Minimising the dangers of success and strong links requires being alert to their downsides; being paranoid about upstart competition, however small; having a senior executive act as ‘devil’s advocate’ towards your strategy, and reviewing it whenever anyone sniffs potential peril; being willing to do U-turns, or cannibalise your most profitable products by latching on to lower-cost technologies or ways of doing business as soon as these become feasible or a potential rival starts to use them; ferreting out new types of customer, and pursuing small markets, at least on an experimental basis; and bringing ‘dissident’ executives with a foreign mindset into the highest levels.

These remedies may sound simple, and indeed they are. But to put them into practice–against the grain of success, the requirements of volume production and a firm’s culture–requires vision, determination and studied pessimism. That is why the prescriptions, although obvious, are so rarely tried.

Such is the tension of networks, the tension between strong and weak links, the resolution in favour of one, then the other.

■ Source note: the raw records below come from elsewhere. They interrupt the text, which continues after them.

lemma dominated_graph_Union_chain:
  assumes "Ch \<noteq> {}" and chain: "chain\<^sub>\<subseteq> Ch" and dom: "\<forall>G\<in>Ch. dominated_graph C G"
  shows "dominated_graph C (\<Union>Ch)"
proof -
  have sub: "subspace G" if "G \<in> Ch" for G using that dom unfolding dominated_graph_def by blast
  have "subspace (\<Union>Ch)"
    unfolding subspace_def
  proof (intro conjI ballI allI)
    obtain G where "G \<in> Ch" using assms(1) by blast
    then show "0 \<in> \<Union>Ch" using sub subspace_0 by blast
  next
    fix u v assume "u \<in> \<Union>Ch" "v \<in> \<Union>Ch"
    then obtain X Y where XY: "X \<in> Ch" "Y \<in> Ch" "u \<in> X" "v \<in> Y" by blast
    from chain XY(1,2) have "X \<subseteq> Y \<or> Y \<subseteq> X" unfolding chain_subset_def by blast
    with XY sub have "u + v \<in> X \<or> u + v \<in> Y" by (meson subsetD subspace_add)
    then show "u + v \<in> \<Union>Ch" using XY by blast
  next
    fix c u assume "u \<in> \<Union>Ch"
    then show "c *\<^sub>R u \<in> \<Union>Ch" using sub subspace_scale by blast
  qed
  moreover have "\<forall>(x, y)\<in>\<Union>Ch. y \<le> C * norm x"
    using dom unfolding dominated_graph_def by fastforce
  ultimately show ?thesis unfolding dominated_graph_def by blast
qed
(* Let $(\mathbb{K},|\cdot|)$ be an algebraically closed normed field, $f\in\mathbb{K}[z]$ a polynomial of degree $n\ge2$, $\xi\in\mathbb{K}^n$ a root-vector of $f$, $N\ge1$ and $1\le p\le\infty$. Suppose $x^{(0)}\in\mathbb{K}^n$ has pairwise distinct components and \[ E(x^{(0)})=\left\|\frac{x^{(0)}-\xi}{d(x^{(0)})}\right\|_p\le\frac{n(2^{1/n}-1)}{(n-1)^{1/q}+2}. \] Then the $N$th Weierstrass-type iteration $x^{(k+1)}=T^{(N)}(x^{(k)})$ is well-defined and converges to $\xi$ with order of convergence $N+1$, and for all $k\ge0$, \[ \|x^{(k+1)}-\xi\|\preceq\theta\lambda^{(N+1)^k}\|x^{(k)}-\xi\|,\quad \|x^{(k)}-\xi\|\preceq\theta^k\lambda^{((N+1)^k-1)/N}\|x^{(0)}-\xi\|, \] \[ \|x^{(k+1)}-\xi\|\preceq\mu^{N(N+1)^k}\|x^{(k)}-\xi\|,\quad \|x^{(k)}-\xi\|\preceq\mu^{(N+1)^k-1}\|x^{(0)}-\xi\|, \] where $\lambda=\phi_N(E(x^{(0)}))$, $\theta=\psi_N(E(x^{(0)}))$ and $\mu=\phi(E(x^{(0)}))$.
   Context: $a_0$ is the leading coefficient of $f$. For $1\le p\le\infty$, $\|x\|_p=(\sum_i|x_i|^p)^{1/p}$ (max-norm if $p=\infty$), and $q$ is the conjugate exponent, $1/p+1/q=1$. For $x\in\mathbb{K}^n$, $\|x\|=(|x_1|,\dots,|x_n|)\in\mathbb{R}^n$ and $\preceq$ is the coordinatewise order. $d_i(x)=\min_{j\ne i}|x_i-x_j|$, $d(x)=(d_1(x),\dots,d_n(x))$; for $x\in\mathbb{K}^n$, $y\in\mathbb{R}^n$ with nonzero components, $x/y=(|x_1|/y_1,\dots,|x_n|/y_n)$. A root-vector of $f$ is $\xi\in\mathbb{K}^n$ with $f(z)=a_0\prod_i(z-\xi_i)$ for all $z$. Weierstrass-type maps: $T^{(0)}(x)=x$ on $D_0=\mathbb{K}^n$; $D_{N+1}=\{x\in D_N: x_i\ne T^{(N)}_j(x)\ \forall i\ne j\}$, and for $x\in D_{N+1}$, $T^{(N+1)}_i(x)=x_i-\dfrac{f(x_i)}{a_0\prod_{j\ne i}(x_i-T^{(N)}_j(x))}$. The iteration is well-defined if $x^{(k)}\in D_N$ for all $k$. Real functions: $\omega(t)=\left(1+\frac{t}{(n-1)^{1/p}}\right)^{n-1}$ (with $(n-1)^{1/p}=1$ if $p=\infty$), $\Psi(t)=(1+2t)\omega(t)$, $R$ the unique positive solution of $\Psi(t)=2$, $\phi(t)=\frac{\omega(t)-1}{1-2t\omega(t)}$ on $[0,R]$. On $[0,R]$: $\phi_0\equiv1$, $\omega_N(t)=\left(1+\frac{t\phi_N(t)}{(n-1)^{1/p}}\right)^{n-1}$, $\phi_{N+1}(t)=\frac{\omega_N(t)-1}{1-2t\omega_N(t)}$; for $N\ge1$, $\psi_N(t)=1-2t\,\omega_{N-1}(t)$. *)

theory Defs
  imports Complex_Main "HOL-Computational_Algebra.Polynomial" "HOL-Library.Extended_Real"
begin

definition is_absval :: "('a::field \<Rightarrow> real) \<Rightarrow> bool" where
  "is_absval av \<longleftrightarrow> (\<forall>x. 0 \<le> av x) \<and> (\<forall>x. av x = 0 \<longleftrightarrow> x = 0)
     \<and> (\<forall>x y. av (x * y) = av x * av y) \<and> (\<forall>x y. av (x + y) \<le> av x + av y)"

definition alg_closed_field :: "'a::field itself \<Rightarrow> bool" where
  "alg_closed_field _ \<longleftrightarrow> (\<forall>q :: 'a poly. 1 \<le> degree q \<longrightarrow> (\<exists>z. poly q z = 0))"

text \<open>Vectors of length n are functions on indices 0..n-1. The exponent p ranges over [1,\<infinity>]
  as an extended real; invp p = 1/p (with 1/\<infinity> = 0).\<close>
definition invp :: "ereal \<Rightarrow> real" where
  "invp p = (if p = \<infinity> then 0 else 1 / real_of_ereal p)"

definition pnorm :: "nat \<Rightarrow> ereal \<Rightarrow> (nat \<Rightarrow> real) \<Rightarrow> real" where
  "pnorm n p v = (if p = \<infinity> then Max ((\<lambda>i. \<bar>v i\<bar>) ` {..<n})
                 else (\<Sum>i<n. \<bar>v i\<bar> powr real_of_ereal p) powr (1 / real_of_ereal p))"

definition dist_i :: "('a::field \<Rightarrow> real) \<Rightarrow> nat \<Rightarrow> (nat \<Rightarrow> 'a) \<Rightarrow> nat \<Rightarrow> real" where
  "dist_i av n x i = Min ((\<lambda>j. av (x i - x j)) ` ({..<n} - {i}))"

definition Efun :: "('a::field \<Rightarrow> real) \<Rightarrow> nat \<Rightarrow> ereal \<Rightarrow> (nat \<Rightarrow> 'a) \<Rightarrow> (nat \<Rightarrow> 'a) \<Rightarrow> real" where
  "Efun av n p \<xi> x = pnorm n p (\<lambda>i. av (x i - \<xi> i) / dist_i av n x i)"

definition is_root_vector :: "'a::field poly \<Rightarrow> (nat \<Rightarrow> 'a) \<Rightarrow> bool" where
  "is_root_vector f \<xi> \<longleftrightarrow> (\<forall>z. poly f z = lead_coeff f * (\<Prod>i<degree f. (z - \<xi> i)))"

fun WT :: "'a::field poly \<Rightarrow> nat \<Rightarrow> (nat \<Rightarrow> 'a) \<Rightarrow> (nat \<Rightarrow> 'a)" where
  "WT f 0 x = x"
| "WT f (Suc N) x = (\<lambda>i. x i - poly f (x i) /
        (lead_coeff f * (\<Prod>j\<in>{..<degree f} - {i}. (x i - WT f N x j))))"

fun WD :: "'a::field poly \<Rightarrow> nat \<Rightarrow> (nat \<Rightarrow> 'a) \<Rightarrow> bool" where
  "WD f 0 x = True"
| "WD f (Suc N) x = (WD f N x \<and>
        (\<forall>i<degree f. \<forall>j<degree f. i \<noteq> j \<longrightarrow> x i \<noteq> WT f N x j))"

definition omega :: "nat \<Rightarrow> ereal \<Rightarrow> real \<Rightarrow> real" where
  "omega n p t = (1 + t / (real n - 1) powr invp p) ^ (n - 1)"

definition phi :: "nat \<Rightarrow> ereal \<Rightarrow> real \<Rightarrow> real" where
  "phi n p t = (omega n p t - 1) / (1 - 2 * t * omega n p t)"

fun phiN :: "nat \<Rightarrow> ereal \<Rightarrow> nat \<Rightarrow> real \<Rightarrow> real"
and omegaN :: "nat \<Rightarrow> ereal \<Rightarrow> nat \<Rightarrow> real \<Rightarrow> real" where
  "phiN n p 0 t = 1"
| "phiN n p (Suc N) t = (omegaN n p N t - 1) / (1 - 2 * t * omegaN n p N t)"
| "omegaN n p N t = (1 + t * phiN n p N t / (real n - 1) powr invp p) ^ (n - 1)"

definition psiN :: "nat \<Rightarrow> ereal \<Rightarrow> nat \<Rightarrow> real \<Rightarrow> real" where
  "psiN n p N t = 1 - 2 * t * omegaN n p (N - 1) t"

end

theory Submission
  imports Defs "HOL-Analysis.Analysis"
begin

text \<open>Factoring \<open>f\<close> through its root vector, the \<open>i\<close>-th error of \<open>T\<^sup>(\<^sup>m\<^sup>+\<^sup>1\<^sup>) x\<close> is
  \<open>(x\<^sub>i - \<xi>\<^sub>i) (1 - \<Prod>\<^sub>j\<^sub>\<noteq>\<^sub>i (1 + b\<^sub>j))\<close> with \<open>b\<^sub>j = (y\<^sub>j - \<xi>\<^sub>j) / (x\<^sub>i - y\<^sub>j)\<close> and
  \<open>y = T\<^sup>(\<^sup>m\<^sup>) x\<close>. Bounding the product by the AM-GM and power-mean inequalities gives, by
  induction on \<open>m\<close>, the componentwise estimate \<open>|T\<^sup>(\<^sup>N\<^sup>) x - \<xi>| \<le> (\<omega>\<^sub>N\<^sub>-\<^sub>1(E) - 1) |x - \<xi>|\<close>,
  while the mutual distances of the components shrink at most by the factor
  \<open>\<psi>\<^sub>N(E) = 1 - 2 E \<omega>\<^sub>N\<^sub>-\<^sub>1(E)\<close>. Hence \<open>E(T\<^sup>(\<^sup>N\<^sup>) x) \<le> \<phi>\<^sub>N(E) E\<close>, and as
  \<open>\<phi>\<^sub>N(s t) \<le> s\<^sup>N \<phi>\<^sub>N(t)\<close> for \<open>s \<le> 1\<close>, the quantities \<open>E(x\<^sup>(\<^sup>k\<^sup>))\<close> decay doubly
  exponentially, which yields all error estimates. The bound on \<open>E(x\<^sup>(\<^sup>0\<^sup>))\<close> is, by the strict
  weighted AM-GM inequality, exactly what makes \<open>\<Psi>(E) < 2\<close>. For the order of convergence, the
  distances \<open>d\<^sub>i(x\<^sup>(\<^sup>k\<^sup>))\<close> stay above a convergent product, so \<open>E(x\<^sup>(\<^sup>k\<^sup>))\<close> is
  bounded by a multiple of \<open>\<parallel>x\<^sup>(\<^sup>k\<^sup>) - \<xi>\<parallel>\<^sub>p\<close>.\<close>

section \<open>Absolute values\<close>

locale absolute_value =
  fixes av :: "'a::field \<Rightarrow> real"
  assumes is_absval: "is_absval av"
begin

lemma nonneg [simp]: "0 \<le> av x"
  using is_absval by (simp add: is_absval_def)

lemma eq_0_iff [simp]: "av x = 0 \<longleftrightarrow> x = 0"
  using is_absval by (simp add: is_absval_def)

lemma zero [simp]: "av 0 = 0"
  by simp

lemma pos_iff [simp]: "0 < av x \<longleftrightarrow> x \<noteq> 0"
  using nonneg[of x] eq_0_iff[of x] by linarith

lemma mult: "av (x * y) = av x * av y"
  using is_absval by (simp add: is_absval_def)

lemma triangle: "av (x + y) \<le> av x + av y"
  using is_absval by (simp add: is_absval_def)

lemma one [simp]: "av 1 = 1"
proof -
  have "av 1 * av 1 = av 1 * 1"
    using mult[of 1 1] by simp
  then show ?thesis
    by (subst (asm) mult_left_cancel) auto
qed

lemma minus [simp]: "av (- x) = av x"
proof -
  have "av (-1) ^ 2 = 1"
    using mult[of "-1" "-1"] by (simp add: power2_eq_square)
  then have "av (-1) = 1"
    using nonneg[of "-1"] by (auto simp: power2_eq_1_iff)
  then show ?thesis
    using mult[of "-1" x] by simp
qed

lemma diff_commute: "av (x - y) = av (y - x)"
  by (metis minus minus_diff_eq)

lemma triangle_diff: "av (x - z) \<le> av (x - y) + av (y - z)"
  using triangle[of "x - y" "y - z"] by simp

lemma inverse: "av (inverse x) = inverse (av x)"
proof (cases "x = 0")
  case False
  then have "av x * av (inverse x) = 1"
    using mult[of x "inverse x"] by simp
  then show ?thesis
    using inverse_unique by metis
qed simp

lemma divide: "av (x / y) = av x / av y"
  by (simp add: divide_inverse mult inverse)

lemma prod: "finite S \<Longrightarrow> av (\<Prod>j\<in>S. g j) = (\<Prod>j\<in>S. av (g j))"
  by (induction S rule: finite_induct) (auto simp: mult)

lemma prod_one_plus_le: "finite S \<Longrightarrow> av (\<Prod>j\<in>S. 1 + b j) \<le> (\<Prod>j\<in>S. 1 + av (b j))"
  unfolding prod by (intro prod_mono) (use triangle[of 1] in auto)

lemma one_minus_prod_one_plus_le:
  assumes "finite S"
  shows "av (1 - (\<Prod>j\<in>S. 1 + b j)) \<le> (\<Prod>j\<in>S. 1 + av (b j)) - 1"
  using assms
proof (induction S rule: finite_induct)
  case (insert k S)
  let ?P = "\<Prod>j\<in>S. 1 + b j" and ?Q = "\<Prod>j\<in>S. 1 + av (b j)"
  have "av (1 - (1 + b k) * ?P) = av ((1 - ?P) - b k * ?P)"
    by (simp add: algebra_simps)
  also have "\<dots> \<le> av (1 - ?P) + av (b k) * av ?P"
    using triangle[of "1 - ?P" "- (b k * ?P)"] by (simp add: mult)
  also have "\<dots> \<le> (?Q - 1) + av (b k) * ?Q"
    using insert.IH prod_one_plus_le[OF insert.hyps(1)] by (intro add_mono mult_left_mono) auto
  finally show ?case
    using insert.hyps by (simp add: algebra_simps)
qed simp

end

section \<open>\<open>p\<close>-norms\<close>

lemma pnorm_nonneg:
  assumes "1 \<le> n" shows "0 \<le> pnorm n p v"
proof -
  have "\<bar>v 0\<bar> \<le> Max ((\<lambda>i. \<bar>v i\<bar>) ` {..<n})"
    using assms by (intro Max_ge) auto
  then show ?thesis
    by (auto simp: pnorm_def)
qed

lemma real_of_ereal_ge_1: "1 \<le> p \<Longrightarrow> p \<noteq> \<infinity> \<Longrightarrow> 1 \<le> real_of_ereal p"
  by (cases p) auto

lemma abs_le_pnorm:
  assumes p: "1 \<le> p" and i: "i < n"
  shows "\<bar>v i\<bar> \<le> pnorm n p v"
proof (cases "p = \<infinity>")
  case True
  then show ?thesis
    using i by (simp add: pnorm_def)
next
  case False
  define r where "r = real_of_ereal p"
  have r: "1 \<le> r"
    using real_of_ereal_ge_1[OF p False] by (simp add: r_def)
  have "\<bar>v i\<bar> = (\<bar>v i\<bar> powr r) powr (1 / r)"
    using r by (simp add: powr_powr)
  also have "\<dots> \<le> (\<Sum>j<n. \<bar>v j\<bar> powr r) powr (1 / r)"
    using r i by (intro powr_mono2 member_le_sum) auto
  finally show ?thesis
    using False by (simp add: pnorm_def r_def)
qed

Weak links find better things to do; strong links find ways to do things better. Weak links are most adept at creating new value, jump-starting a new market; strong links are crafty at capturing and maximising value. (Value capture is distinct from value creation. For example, great scientists such as Charles Darwin and Albert Einstein created enormous value, but they didn’t capture much of it. The same is true of the creators of Wikipedia. But it is emphatically not true of Bill Gates, who created a lot of value but also managed to capture a large proportion of it.)